Wear a wristwatch? Use e-mail? Not for Class of '14
Annual list of 75 items that shape incoming freshmen's cultural references released

MILWAUKEE For students entering college this fall, e-mail is too slow, phones have never had cords and the computers they played with as kids are now in museums.

The Class of 2014 thinks of Clint Eastwood more as a sensitive director than as Dirty Harry urging punks to "go ahead, make my day." Few incoming freshmen know how to write in cursive or have ever worn a wristwatch.

These are among the 75 items on this year's Beloit College Mindset List. The compilation, released Tuesday, is assembled each year by two officials at this private school of about 1,400 students in Beloit, Wis.

The list is meant to remind teachers that cultural references familiar to them might draw blank stares from college freshmen born mostly in 1992.

Of course, it can also have the unintended consequence of making people feel old.

Remember when Dr. Jack Kevorkian, Dan Quayle or Rodney King were in the news? These kids don't.

Ever worry about a Russian missile strike on the United States? During these students' lives, Russians and Americans have always been living together in outer space.

Help crafting lesson plans
Being aware of the generation gap helps professors craft lesson plans that are more meaningful, said Ron Nief, a former public affairs director at Beloit College and one of the list's creators.

Nief and English professor Tom McBride have assembled the Mindset List for 13 years. They say it's given them an unusual perspective on cultural shifts.

For example, as item No. 13 on the list says, "Parents and teachers feared that Beavis and Butt-head might be the voice of a lost generation."

With far edgier content available today, such as "South Park" or online videos that push the envelope, there's something quaint about recalling the hand-wringing that the MTV cartoon prompted, Nief said.

"I think we do that with every generation we look back and say, what were we getting so upset about?" he said. "A, kids outgrow it and B, in retrospect we realize it really wasn't that bad."

Another Mindset List item reflects a possible shift in Hollywood attitudes. Item No. 12 notes: "Clint Eastwood is better known as a sensitive director than as Dirty Harry."

A number of incoming freshmen said they partially agreed with the item, noting they were familiar with Eastwood's work as an actor even if they hadn't seen his films.

"I know he directed movies but I also know he's supposed to be sort of bad-ass," said Aaron Ziontz, 18, from Seattle.

Jessica Peck, a 17-year-old from Portland, Ore., disagreed with two items on the list one that says few students know how to write in cursive, and another that suggests this generation seldom if ever uses snail mail.

"Snail mail's kind of fun. When I have time I like writing letters to friends and family," she said. "It's just a bit more personal.
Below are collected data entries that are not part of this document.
lemma contains_turan_join:
  fixes r t :: nat
  assumes "r \<ge> 1" "A \<inter> B = {}" "\<forall>a\<in>A. \<forall>b\<in>B. E a b \<and> E b a"
    and "contains A E (turan_V (t * r)) (turan_E (t * r) r)"
    and "contains B E (turan_V (t * r)) (turan_E (t * r) r)"
  shows "contains (A \<union> B) E (turan_V (2 * t * r)) (turan_E (2 * t * r) (2 * r))"
proof -
  obtain f where f: "inj_on f {..<t * r}" "f ` {..<t * r} \<subseteq> A"
    "\<forall>u\<in>{..<t * r}. \<forall>v\<in>{..<t * r}. turan_E (t * r) r u v \<longrightarrow> E (f u) (f v)"
    using assms(4) unfolding contains_def turan_V_def by blast
  obtain g where g: "inj_on g {..<t * r}" "g ` {..<t * r} \<subseteq> B"
    "\<forall>u\<in>{..<t * r}. \<forall>v\<in>{..<t * r}. turan_E (t * r) r u v \<longrightarrow> E (g u) (g v)"
    using assms(5) unfolding contains_def turan_V_def by blast
  txt \<open>Vertex \<open>u\<close> of \<open>T(2tr, 2r)\<close> goes to the side \<open>A\<close> iff its part \<open>u mod 2r\<close> is
    among the first \<open>r\<close>, and there to the vertex \<open>\<pi> u\<close> of \<open>T(tr, r)\<close>, which keeps the
    block \<open>u div 2r\<close> and the part modulo \<open>r\<close>.\<close>
  define left where "left u \<longleftrightarrow> u mod (2 * r) < r" for u
  define \<pi> where "\<pi> u = u div (2 * r) * r + u mod r" for u
  define h where "h u = (if left u then f (\<pi> u) else g (\<pi> u))" for u
  have \<pi>_div: "\<pi> u div r = u div (2 * r)" and \<pi>_mod: "\<pi> u mod r = u mod r" for u
    using assms(1) unfolding \<pi>_def by simp_all
  have \<pi>_lt: "\<pi> u < t * r" if "u < 2 * t * r" for u
  proof -
    have "u div (2 * r) < t"
      using that by (simp add: less_mult_imp_div_less mult.commute mult.left_commute)
    then have "(u div (2 * r) + 1) * r \<le> t * r"
      by (intro mult_right_mono) simp_all
    moreover have "u mod r < r"
      using assms(1) by simp
    ultimately show ?thesis
      unfolding \<pi>_def by (simp add: algebra_simps)
  qed
  have h_in: "(left u \<longrightarrow> h u \<in> A) \<and> (\<not> left u \<longrightarrow> h u \<in> B)" if "u < 2 * t * r" for u
    using f(2) g(2) \<pi>_lt[OF that] unfolding h_def by auto
  show ?thesis
    unfolding contains_def turan_V_def
  proof (intro exI conjI ballI impI)
    show "inj_on h {..<2 * t * r}"
    proof (rule inj_onI)
      fix u v assume u: "u \<in> {..<2 * t * r}" and v: "v \<in> {..<2 * t * r}" and huv: "h u = h v"
      have same_side: "left u = left v"
        using h_in[of u] h_in[of v] u v huv assms(2) by auto
      then have "\<pi> u = \<pi> v"
        using huv f(1) g(1) \<pi>_lt u v unfolding h_def inj_on_def by (auto split: if_splits)
      then have "u div (2 * r) = v div (2 * r)" "u mod (2 * r) = v mod (2 * r)"
        using \<pi>_div \<pi>_mod same_side mod_double_eq_iff unfolding left_def by metis+
      then show "u = v"
        by (metis div_mult_mod_eq)
    qed
    show "h ` {..<2 * t * r} \<subseteq> A \<union> B"
      using h_in by auto
    fix u v assume u: "u \<in> {..<2 * t * r}" and v: "v \<in> {..<2 * t * r}"
      and uv: "turan_E (2 * t * r) (2 * r) u v"
    show "E (h u) (h v)"
    proof (cases "left u = left v")
      case True
      then have "u mod r \<noteq> v mod r"
        using uv mod_double_eq_iff unfolding turan_E_def left_def by blast
      then have "turan_E (t * r) r (\<pi> u) (\<pi> v)"
        using \<pi>_lt u v \<pi>_mod unfolding turan_E_def by simp
      then show ?thesis
        using True f(3) g(3) \<pi>_lt u v unfolding h_def by simp
    next
      case False
      then show ?thesis
        using h_in[of u] h_in[of v] u v assms(3) by auto
    qed
  qed
qed
(* Let $\mathcal G=(\mathcal N,\mathcal E_Q)$ be an undirected connected graph on the player set $\mathcal N=[n]$, and let $(\mathcal N,\mathcal S,\mathcal A,\mathbb P,(r_i)_{i\in\mathcal N},\gamma)$ be an infinite-horizon $\gamma$-discounted Markov game with $n>2$ players. Then this Markov game is an NMG with respect to $\mathcal G$ if and only if both of the following hold: (1) for each $i\in\mathcal N$, $s\in\mathcal S$, $a_i\in\mathcal A_i$, the function $r_i(s,a_i,\cdot)$ (of $a_{-i}$) is decomposable with respect to $\mathcal E_{Q,i}$, i.e. there are non-negative functions $r_{i,j}(s,a_i,\cdot):\mathcal A_j\to\mathbb R_{\ge 0}$, $j\in\mathcal E_{Q,i}$, with $r_i(s,\mathbf a)=\sum_{j\in\mathcal E_{Q,i}}r_{i,j}(s,a_i,a_j)$ for all $\mathbf a\in\mathcal A$; (2) for each $s,s'\in\mathcal S$, the function $\mathbf a\mapsto\mathbb P(s'\mid s,\mathbf a)$ is decomposable with respect to $\mathcal N_C$, i.e. if $\mathcal N_C\neq\emptyset$ there are non-negative functions $\mathbb F_i(s'\mid s,\cdot):\mathcal A_i\to\mathbb R_{\ge0}$, $i\in\mathcal N_C$, with $\mathbb P(s'\mid s,\mathbf a)=\sum_{i\in\mathcal N_C}\mathbb F_i(s'\mid s,a_i)$ for all $\mathbf a$, and if $\mathcal N_C=\emptyset$ there is a non-negative constant $\mathbb F_o(s'\mid s)$ with $\mathbb P(s'\mid s,\mathbf a)=\mathbb F_o(s'\mid s)$ for all $\mathbf a$. Moreover, the Markov game is a zero-sum NMG with respect to $\mathcal G$ if and only if (1) and (2) hold and, in addition, for every $s\in\mathcal S$ the network game with payoff functions $(r_{i,j}(s,\cdot,\cdot))_{(i,j)\in\mathcal E_Q}$ from (1) is zero-sum, i.e. $\sum_{i\in\mathcal N}\sum_{j\in\mathcal E_{Q,i}}r_{i,j}(s,a_i,a_j)=0$ for all $\mathbf a\in\mathcal A$. Finally, when there are exactly two players, every Markov game is an NMG and every zero-sum Markov game is a zero-sum NMG.
   Context: An infinite-horizon $\gamma$-discounted Markov game $(\mathcal N,\mathcal S,\mathcal A,\mathbb P,(r_i)_{i\in\mathcal N},\gamma)$ has finite player set $\mathcal N=[n]$, finite state space $\mathcal S$, finite action sets $\mathcal A_i$ with $\mathcal A=\prod_{i}\mathcal A_i$, transition kernel $\mathbb P(\cdot\mid s,\mathbf a)\in\Delta(\mathcal S)$, rewards $r_i:\mathcal S\times\mathcal A\to[0,R]$, and $\gamma\in(0,1)$. For a graph $(\mathcal N,\mathcal E)$, $\mathcal E_i$ denotes the set of neighbors of $i$ (excluding $i$), and $\mathcal N_C$ denotes the set of nodes adjacent to every other node (possibly empty). The game is an NMG (Markov game with networked separable interactions) with respect to $\mathcal G=(\mathcal N,\mathcal E_Q)$ if for every function $V:\mathcal S\to\mathbb R$, setting $Q_i^V(s,\mathbf a):=r_i(s,\mathbf a)+\gamma\sum_{s'}\mathbb P(s'\mid s,\mathbf a)V(s')$, there exist functions $(Q^V_{i,j})_{(i,j)\in\mathcal E_Q}$ with $Q_i^V(s,\mathbf a)=\sum_{j\in\mathcal E_{Q,i}}Q^V_{i,j}(s,a_i,a_j)$ for all $i,s,\mathbf a$. It is a zero-sum NMG if in addition, for every $s$, the functions $Q^{\mathbf 0}_{i,j}(s,\cdot,\cdot)$ (with $V\equiv0$) form a zero-sum network game, i.e. $\sum_i\sum_{j\in\mathcal E_{Q,i}}Q^{\mathbf0}_{i,j}(s,a_i,a_j)=0$ for all $\mathbf a$. A zero-sum Markov game means $\sum_i r_i(s,\mathbf a)=0$ for all $s,\mathbf a$. *)

theory Defs
  imports Complex_Main "HOL-Library.FuncSet"
begin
And yes, I write in cursive."

'Only at my grandparents' house'
Peck did agree with the item pointing out that most teens have never used telephones with cords.

"Yes, I've used them but only at my grandparents' house," she said.

That's the sort of comment that can make a person feel old. McBride jokes that he's not immune from feeling ancient just because he compiles the items. But the 65-year-old said the lists can also reveal a larger truth about tolerance.

The "Beavis and Butt-head" item suggests that maybe parents shouldn't overreact every time a controversy arises, he noted. For example, maybe it's no big deal if college freshmen misspell words when they text, and maybe their attention spans will be just fine even though they grew up in the Internet age, he said.

"There's something about the resilience of human nature that renders these gloom-and-doom prophesies moot after a while," he said. "I can't say for sure, but it looks like the track record of these very anxious prophets has not been impressive over the years."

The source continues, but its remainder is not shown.